Reproduce all of the entries below exactly, without a single change.

(Dataset items)
___
lemma gauss_common_factor:
  assumes "m > 1"
    and "m dvd fst (gmult u (gcnj v))" and "m dvd snd (gmult u (gcnj v))"
    and "m dvd gnorm u - gnorm v"
    and "u \<noteq> 0 \<or> v \<noteq> 0"
  obtains e a c where "gnorm e > 1" and "u = gmult a e" and "v = gmult c e"
proof -
  obtain e s r where e: "e = gmult s u + gmult r v" "e \<noteq> 0"
    and multiples: "\<exists>a. u = gmult a e" "\<exists>c. v = gmult c e"
    using gauss_ideal_principal[OF assms(5)] by blast
  have "gnorm e \<noteq> 1"
    using gauss_combination_norm_one_imp_unit[OF assms(2-4), of s r] e(1) assms(1) by auto
  moreover have "gnorm e > 0"
    using e gnorm_nonneg[of e] gnorm_eq_0_iff[of e] by linarith
  ultimately have "gnorm e > 1"
    by linarith
  then show thesis
    using that multiples by blast
qed

lemma iquat_right_factor_k:
  assumes "(x, t) = gmult a e" and "(z, y) = gmult c e"
  shows "iquat x y z t = iquat (fst a) (snd c) (fst c) (snd a) \<otimes>\<^sub>H iquat (fst e) 0 0 (snd e)"
proof -
  have coordinates: "x = fst a * fst e - snd a * snd e" "t = fst a * snd e + snd a * fst e"
    "z = fst c * fst e - snd c * snd e" "y = fst c * snd e + snd c * fst e"
    using assms unfolding gmult_def by (simp_all only: prod.inject)
  show ?thesis
    unfolding iquat_def coordinates by (simp add: algebra_simps)
qed

lemma iquat_right_factor_1_i:
  assumes "even (x + y)" and "even (z + t)"
  shows "\<exists>x' y' z' t'. iquat x y z t = iquat x' y' z' t' \<otimes>\<^sub>H iquat 1 1 0 0"
proof -
  obtain a d where "y = 2 * a - x" and "t = 2 * d - z"
    using assms by (metis evenE add_diff_cancel_left')
  then have "iquat x y z t = iquat a (a - x) (z - d) d \<otimes>\<^sub>H iquat 1 1 0 0"
    unfolding iquat_def by (simp add: algebra_simps)
  then show ?thesis
    by blast
qed

lemma iquat_right_factor_1_j:
  assumes "even (x + z)" and "even (y + t)"
  shows "\<exists>x' y' z' t'. iquat x y z t = iquat x' y' z' t' \<otimes>\<^sub>H iquat 1 0 1 0"
proof -
  obtain a d where "z = 2 * a - x" and "t = 2 * d - y"
    using assms by (metis evenE add_diff_cancel_left')
  then have "iquat x y z t = iquat a d (a - x) (d - y) \<otimes>\<^sub>H iquat 1 0 1 0"
    unfolding iquat_def by (simp add: algebra_simps)
  then show ?thesis
    by blast
qed

lemma iquat_right_factor_1_k:
  assumes "even (x + t)" and "even (y + z)"
  shows "\<exists>x' y' z' t'. iquat x y z t = iquat x' y' z' t' \<otimes>\<^sub>H iquat 1 0 0 1"
proof -
  obtain a d where "t = 2 * a - x" and "z = 2 * d - y"
    using assms by (metis evenE add_diff_cancel_left')
  then have "iquat x y z t = iquat a (y - d) d (a - x) \<otimes>\<^sub>H iquat 1 0 0 1"
    unfolding iquat_def by (simp add: algebra_simps)
  then show ?thesis
    by blast
qed

lemma iquat_right_factor_of_even_sum:
  assumes "even (x + y + z + t)"
  shows "\<exists>x' y' z' t' \<eta>. iquat x y z t = iquat x' y' z' t' \<otimes>\<^sub>H \<eta> \<and>
           (\<eta> = iquat 1 1 0 0 \<or> \<eta> = iquat 1 0 1 0 \<or> \<eta> = iquat 1 0 0 1)"
proof -
  consider "even (x + y)" "even (z + t)" | "even (x + z)" "even (y + t)"
    | "even (x + t)" "even (y + z)"
    using assms by (auto simp: even_add)
  then show ?thesis
  proof cases
    case 1
    then show ?thesis
      using iquat_right_factor_1_i by blast
  next
    case 2
    then show ?thesis
      using iquat_right_factor_1_j by blast
  next
    case 3
    then show ?thesis
      using iquat_right_factor_1_k by blast
  qed
qed

lemma iquat_right_factor_k_of_dvd:
  fixes x y z t m :: int
  assumes "m > 1" and "m dvd x*z + y*t" and "m dvd z*t - x*y"
    and "m dvd x^2 - y^2 - z^2 + t^2" and "(x, y, z, t) \<noteq> (0, 0, 0, 0)"
  shows "\<exists>x' y' z' t' \<alpha> \<beta>. \<alpha>^2 + \<beta>^2 > 1 \<and> iquat x y z t = iquat x' y' z' t' \<otimes>\<^sub>H iquat \<alpha> 0 0 \<beta>"
proof -
  have "gmult (x, t) (gcnj (z, y)) = (x*z + y*t, z*t - x*y)"
    by (simp add: gmult_def gcnj_def algebra_simps)
  then have "m dvd fst (gmult (x, t) (gcnj (z, y)))" "m dvd snd (gmult (x, t) (gcnj (z, y)))"
    using assms(2,3) by simp_all
  moreover have "m dvd gnorm (x, t) - gnorm (z, y)"
    using assms(4) by (simp add: gnorm_def algebra_simps)
  moreover have "(x, t) \<noteq> 0 \<or> (z, y) \<noteq> 0"
    using assms(5) by (auto simp: zero_prod_def)
  ultimately obtain e a c where "gnorm e > 1" "(x, t) = gmult a e" "(z, y) = gmult c e"
    using gauss_common_factor[OF assms(1)] by blast
  then show ?thesis
    using iquat_right_factor_k unfolding gnorm_def by blast
qed

theorem proposition2p9:
  fixes x y z t n :: int
  assumes "n = gcd (2 * (x*z + y*t)) (gcd (2 * (z*t - x*y)) (x^2 - y^2 - z^2 + t^2))"
    and "n > 1"
  shows "\<exists>x' y' z' t' :: int. \<exists>\<eta> :: quat.
           iquat x y z t = iquat x' y' z' t' \<otimes>\<^sub>H \<eta> \<and>
           (\<eta> = iquat 1 1 0 0 \<or> \<eta> = iquat 1 0 1 0 \<or>
            (\<exists>\<alpha> \<beta> :: int. \<alpha>^2 + \<beta>^2 > 1 \<and> \<eta> = iquat \<alpha> 0 0 \<beta>))"
proof -
  have n1: "n dvd 2 * (x*z + y*t)" and n2: "n dvd 2 * (z*t - x*y)"
    and n3: "n dvd x^2 - y^2 - z^2 + t^2"
    using assms(1) by (metis gcd_dvd1 gcd_dvd2 dvd_trans)+
  show ?thesis
  proof (cases "even n")
    case True
    have "even (x^2 - y^2 - z^2 + t^2)"
      using True n3 by (rule dvd_trans)
    then have "even (x + y + z + t)"
      by (simp add: power2_eq_square)
    moreover have "(1::int)^2 + 1^2 > 1"
      by simp
    ultimately show ?thesis
      using iquat_right_factor_of_even_sum by blast
  next
    case False
    then have "coprime n 2"
      by (simp add: coprime_commute)
    with n1 n2 have "n dvd x*z + y*t" "n dvd z*t - x*y"
      using coprime_dvd_mult_right_iff by blast+
    moreover have "(x, y, z, t) \<noteq> (0, 0, 0, 0)"
      using assms by auto
    ultimately show ?thesis
      using iquat_right_factor_k_of_dvd[OF assms(2) _ _ n3] by blast
  qed
qed

end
___
Exercise answer =
lemma gauss_common_factor:
  assumes "m > 1"
    and "m dvd fst (gmult u (gcnj v))" and "m dvd snd (gmult u (gcnj v))"
    and "m dvd gnorm u - gnorm v"
    and "u \<noteq> 0 \<or> v \<noteq> 0"
  obtains e a c where "gnorm e > 1" and "u = gmult a e" and "v = gmult c e"
proof -
  obtain e s r where e: "e = gmult s u + gmult r v" "e \<noteq> 0"
    and multiples: "\<exists>a. u = gmult a e" "\<exists>c. v = gmult c e"
    using gauss_ideal_principal[OF assms(5)] by blast
  have "gnorm e \<noteq> 1"
    using gauss_combination_norm_one_imp_unit[OF assms(2-4), of s r] e(1) assms(1) by auto
  moreover have "gnorm e > 0"
    using e gnorm_nonneg[of e] gnorm_eq_0_iff[of e] by linarith
  ultimately have "gnorm e > 1"
    by linarith
  then show thesis
    using that multiples by blast
qed

lemma iquat_right_factor_k:
  assumes "(x, t) = gmult a e" and "(z, y) = gmult c e"
  shows "iquat x y z t = iquat (fst a) (snd c) (fst c) (snd a) \<otimes>\<^sub>H iquat (fst e) 0 0 (snd e)"
proof -
  have coordinates: "x = fst a * fst e - snd a * snd e" "t = fst a * snd e + snd a * fst e"
    "z = fst c * fst e - snd c * snd e" "y = fst c * snd e + snd c * fst e"
    using assms unfolding gmult_def by (simp_all only: prod.inject)
  show ?thesis
    unfolding iquat_def coordinates by (simp add: algebra_simps)
qed

lemma iquat_right_factor_1_i:
  assumes "even (x + y)" and "even (z + t)"
  shows "\<exists>x' y' z' t'. iquat x y z t = iquat x' y' z' t' \<otimes>\<^sub>H iquat 1 1 0 0"
proof -
  obtain a d where "y = 2 * a - x" and "t = 2 * d - z"
    using assms by (metis evenE add_diff_cancel_left')
  then have "iquat x y z t = iquat a (a - x) (z - d) d \<otimes>\<^sub>H iquat 1 1 0 0"
    unfolding iquat_def by (simp add: algebra_simps)
  then show ?thesis
    by blast
qed

lemma iquat_right_factor_1_j:
  assumes "even (x + z)" and "even (y + t)"
  shows "\<exists>x' y' z' t'. iquat x y z t = iquat x' y' z' t' \<otimes>\<^sub>H iquat 1 0 1 0"
proof -
  obtain a d where "z = 2 * a - x" and "t = 2 * d - y"
    using assms by (metis evenE add_diff_cancel_left')
  then have "iquat x y z t = iquat a d (a - x) (d - y) \<otimes>\<^sub>H iquat 1 0 1 0"
    unfolding iquat_def by (simp add: algebra_simps)
  then show ?thesis
    by blast
qed

lemma iquat_right_factor_1_k:
  assumes "even (x + t)" and "even (y + z)"
  shows "\<exists>x' y' z' t'. iquat x y z t = iquat x' y' z' t' \<otimes>\<^sub>H iquat 1 0 0 1"
proof -
  obtain a d where "t = 2 * a - x" and "z = 2 * d - y"
    using assms by (metis evenE add_diff_cancel_left')
  then have "iquat x y z t = iquat a (y - d) d (a - x) \<otimes>\<^sub>H iquat 1 0 0 1"
    unfolding iquat_def by (simp add: algebra_simps)
  then show ?thesis
    by blast
qed

lemma iquat_right_factor_of_even_sum:
  assumes "even (x + y + z + t)"
  shows "\<exists>x' y' z' t' \<eta>. iquat x y z t = iquat x' y' z' t' \<otimes>\<^sub>H \<eta> \<and>
           (\<eta> = iquat 1 1 0 0 \<or> \<eta> = iquat 1 0 1 0 \<or> \<eta> = iquat 1 0 0 1)"
proof -
  consider "even (x + y)" "even (z + t)" | "even (x + z)" "even (y + t)"
    | "even (x + t)" "even (y + z)"
    using assms by (auto simp: even_add)
  then show ?thesis
  proof cases
    case 1
    then show ?thesis
      using iquat_right_factor_1_i by blast
  next
    case 2
    then show ?thesis
      using iquat_right_factor_1_j by blast
  next
    case 3
    then show ?thesis
      using iquat_right_factor_1_k by blast
  qed
qed

lemma iquat_right_factor_k_of_dvd:
  fixes x y z t m :: int
  assumes "m > 1" and "m dvd x*z + y*t" and "m dvd z*t - x*y"
    and "m dvd x^2 - y^2 - z^2 + t^2" and "(x, y, z, t) \<noteq> (0, 0, 0, 0)"
  shows "\<exists>x' y' z' t' \<alpha> \<beta>. \<alpha>^2 + \<beta>^2 > 1 \<and> iquat x y z t = iquat x' y' z' t' \<otimes>\<^sub>H iquat \<alpha> 0 0 \<beta>"
proof -
  have "gmult (x, t) (gcnj (z, y)) = (x*z + y*t, z*t - x*y)"
    by (simp add: gmult_def gcnj_def algebra_simps)
  then have "m dvd fst (gmult (x, t) (gcnj (z, y)))" "m dvd snd (gmult (x, t) (gcnj (z, y)))"
    using assms(2,3) by simp_all
  moreover have "m dvd gnorm (x, t) - gnorm (z, y)"
    using assms(4) by (simp add: gnorm_def algebra_simps)
  moreover have "(x, t) \<noteq> 0 \<or> (z, y) \<noteq> 0"
    using assms(5) by (auto simp: zero_prod_def)
  ultimately obtain e a c where "gnorm e > 1" "(x, t) = gmult a e" "(z, y) = gmult c e"
    using gauss_common_factor[OF assms(1)] by blast
  then show ?thesis
    using iquat_right_factor_k unfolding gnorm_def by blast
qed

theorem proposition2p9:
  fixes x y z t n :: int
  assumes "n = gcd (2 * (x*z + y*t)) (gcd (2 * (z*t - x*y)) (x^2 - y^2 - z^2 + t^2))"
    and "n > 1"
  shows "\<exists>x' y' z' t' :: int. \<exists>\<eta> :: quat.
           iquat x y z t = iquat x' y' z' t' \<otimes>\<^sub>H \<eta> \<and>
           (\<eta> = iquat 1 1 0 0 \<or> \<eta> = iquat 1 0 1 0 \<or>
            (\<exists>\<alpha> \<beta> :: int. \<alpha>^2 + \<beta>^2 > 1 \<and> \<eta> = iquat \<alpha> 0 0 \<beta>))"
proof -
  have n1: "n dvd 2 * (x*z + y*t)" and n2: "n dvd 2 * (z*t - x*y)"
    and n3: "n dvd x^2 - y^2 - z^2 + t^2"
    using assms(1) by (metis gcd_dvd1 gcd_dvd2 dvd_trans)+
  show ?thesis
  proof (cases "even n")
    case True
    have "even (x^2 - y^2 - z^2 + t^2)"
      using True n3 by (rule dvd_trans)
    then have "even (x + y + z + t)"
      by (simp add: power2_eq_square)
    moreover have "(1::int)^2 + 1^2 > 1"
      by simp
    ultimately show ?thesis
      using iquat_right_factor_of_even_sum by blast
  next
    case False
    then have "coprime n 2"
      by (simp add: coprime_commute)
    with n1 n2 have "n dvd x*z + y*t" "n dvd z*t - x*y"
      using coprime_dvd_mult_right_iff by blast+
    moreover have "(x, y, z, t) \<noteq> (0, 0, 0, 0)"
      using assms by auto
    ultimately show ?thesis
      using iquat_right_factor_k_of_dvd[OF assms(2) _ _ n3] by blast
  qed
qed

end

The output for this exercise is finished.